■ Your assignment: Your reply should be made up of every line in the records below that holds the string "lambda".
══ Data shown
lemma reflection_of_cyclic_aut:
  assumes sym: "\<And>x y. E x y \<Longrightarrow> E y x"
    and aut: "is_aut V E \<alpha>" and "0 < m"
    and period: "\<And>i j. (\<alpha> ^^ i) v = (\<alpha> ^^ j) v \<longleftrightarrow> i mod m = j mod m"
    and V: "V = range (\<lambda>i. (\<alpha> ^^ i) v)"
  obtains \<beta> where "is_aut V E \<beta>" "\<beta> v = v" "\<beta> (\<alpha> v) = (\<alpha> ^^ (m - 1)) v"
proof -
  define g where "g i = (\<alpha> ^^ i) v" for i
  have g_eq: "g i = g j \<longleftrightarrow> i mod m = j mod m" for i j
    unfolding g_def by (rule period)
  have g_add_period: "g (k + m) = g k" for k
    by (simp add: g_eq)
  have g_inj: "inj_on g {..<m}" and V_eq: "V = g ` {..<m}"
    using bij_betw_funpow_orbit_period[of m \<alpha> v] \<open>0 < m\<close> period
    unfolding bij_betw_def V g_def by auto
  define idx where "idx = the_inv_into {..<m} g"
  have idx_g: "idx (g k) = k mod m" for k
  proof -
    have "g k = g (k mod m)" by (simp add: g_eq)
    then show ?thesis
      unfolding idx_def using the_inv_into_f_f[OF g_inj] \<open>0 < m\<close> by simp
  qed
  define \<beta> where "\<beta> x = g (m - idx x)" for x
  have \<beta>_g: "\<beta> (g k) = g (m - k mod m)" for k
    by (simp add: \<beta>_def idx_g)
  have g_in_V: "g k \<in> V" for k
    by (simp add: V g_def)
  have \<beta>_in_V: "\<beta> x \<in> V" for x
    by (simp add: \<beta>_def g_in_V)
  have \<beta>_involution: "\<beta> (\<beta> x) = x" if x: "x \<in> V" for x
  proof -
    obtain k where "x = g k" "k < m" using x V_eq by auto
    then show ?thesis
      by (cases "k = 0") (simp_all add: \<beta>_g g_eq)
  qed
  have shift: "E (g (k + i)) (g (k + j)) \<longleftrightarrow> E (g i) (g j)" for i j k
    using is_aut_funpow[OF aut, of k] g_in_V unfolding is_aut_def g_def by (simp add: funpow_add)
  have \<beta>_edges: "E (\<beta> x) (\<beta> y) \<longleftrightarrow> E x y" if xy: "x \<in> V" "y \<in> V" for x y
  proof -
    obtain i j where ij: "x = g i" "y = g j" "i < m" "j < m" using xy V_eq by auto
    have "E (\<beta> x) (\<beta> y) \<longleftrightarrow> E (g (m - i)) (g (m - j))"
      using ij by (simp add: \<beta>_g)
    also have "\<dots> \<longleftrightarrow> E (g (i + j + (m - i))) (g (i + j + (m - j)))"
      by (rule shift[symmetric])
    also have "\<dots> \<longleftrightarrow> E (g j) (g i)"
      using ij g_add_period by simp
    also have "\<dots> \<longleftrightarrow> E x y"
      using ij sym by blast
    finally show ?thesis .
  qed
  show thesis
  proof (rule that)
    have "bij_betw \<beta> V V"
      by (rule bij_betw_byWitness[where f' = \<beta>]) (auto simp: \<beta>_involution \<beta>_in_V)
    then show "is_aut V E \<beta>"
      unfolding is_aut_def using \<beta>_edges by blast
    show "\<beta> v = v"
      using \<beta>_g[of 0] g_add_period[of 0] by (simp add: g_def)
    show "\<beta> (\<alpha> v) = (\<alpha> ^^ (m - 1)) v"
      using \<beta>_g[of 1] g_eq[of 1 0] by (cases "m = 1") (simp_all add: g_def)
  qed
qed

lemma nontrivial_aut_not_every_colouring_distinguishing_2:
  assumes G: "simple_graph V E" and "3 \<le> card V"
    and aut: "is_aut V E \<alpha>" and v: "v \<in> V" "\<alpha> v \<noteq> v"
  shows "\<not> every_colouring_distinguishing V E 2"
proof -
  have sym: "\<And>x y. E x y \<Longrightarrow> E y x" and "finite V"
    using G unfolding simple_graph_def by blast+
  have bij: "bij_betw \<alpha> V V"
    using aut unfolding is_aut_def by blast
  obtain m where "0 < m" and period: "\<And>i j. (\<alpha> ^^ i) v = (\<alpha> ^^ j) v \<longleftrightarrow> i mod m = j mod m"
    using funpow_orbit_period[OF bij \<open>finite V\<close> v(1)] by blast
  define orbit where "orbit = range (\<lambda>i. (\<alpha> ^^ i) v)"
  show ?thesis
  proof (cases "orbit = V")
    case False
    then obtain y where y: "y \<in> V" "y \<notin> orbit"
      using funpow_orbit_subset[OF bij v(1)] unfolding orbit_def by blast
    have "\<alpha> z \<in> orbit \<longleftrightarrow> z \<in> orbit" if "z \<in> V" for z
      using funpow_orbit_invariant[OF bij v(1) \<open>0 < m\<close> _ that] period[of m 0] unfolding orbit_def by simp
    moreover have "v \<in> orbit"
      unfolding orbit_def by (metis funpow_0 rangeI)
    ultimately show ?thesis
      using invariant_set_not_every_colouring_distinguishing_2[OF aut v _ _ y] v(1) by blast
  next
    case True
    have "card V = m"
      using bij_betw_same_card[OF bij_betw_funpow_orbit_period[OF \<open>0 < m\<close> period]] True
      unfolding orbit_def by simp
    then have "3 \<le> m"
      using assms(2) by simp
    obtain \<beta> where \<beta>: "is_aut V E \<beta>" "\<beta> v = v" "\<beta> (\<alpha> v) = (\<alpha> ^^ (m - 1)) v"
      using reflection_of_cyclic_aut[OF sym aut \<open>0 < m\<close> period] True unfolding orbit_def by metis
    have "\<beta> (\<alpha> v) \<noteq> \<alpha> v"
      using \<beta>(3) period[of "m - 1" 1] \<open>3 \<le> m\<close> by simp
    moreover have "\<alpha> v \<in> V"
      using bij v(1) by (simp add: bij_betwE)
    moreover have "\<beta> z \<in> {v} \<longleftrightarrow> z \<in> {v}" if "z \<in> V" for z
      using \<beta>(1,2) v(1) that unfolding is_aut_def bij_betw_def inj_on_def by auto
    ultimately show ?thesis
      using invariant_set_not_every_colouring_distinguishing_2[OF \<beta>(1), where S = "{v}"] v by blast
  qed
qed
════
■ Exercise solution:
    and V: "V = range (\<lambda>i. (\<alpha> ^^ i) v)"
  define orbit where "orbit = range (\<lambda>i. (\<alpha> ^^ i) v)"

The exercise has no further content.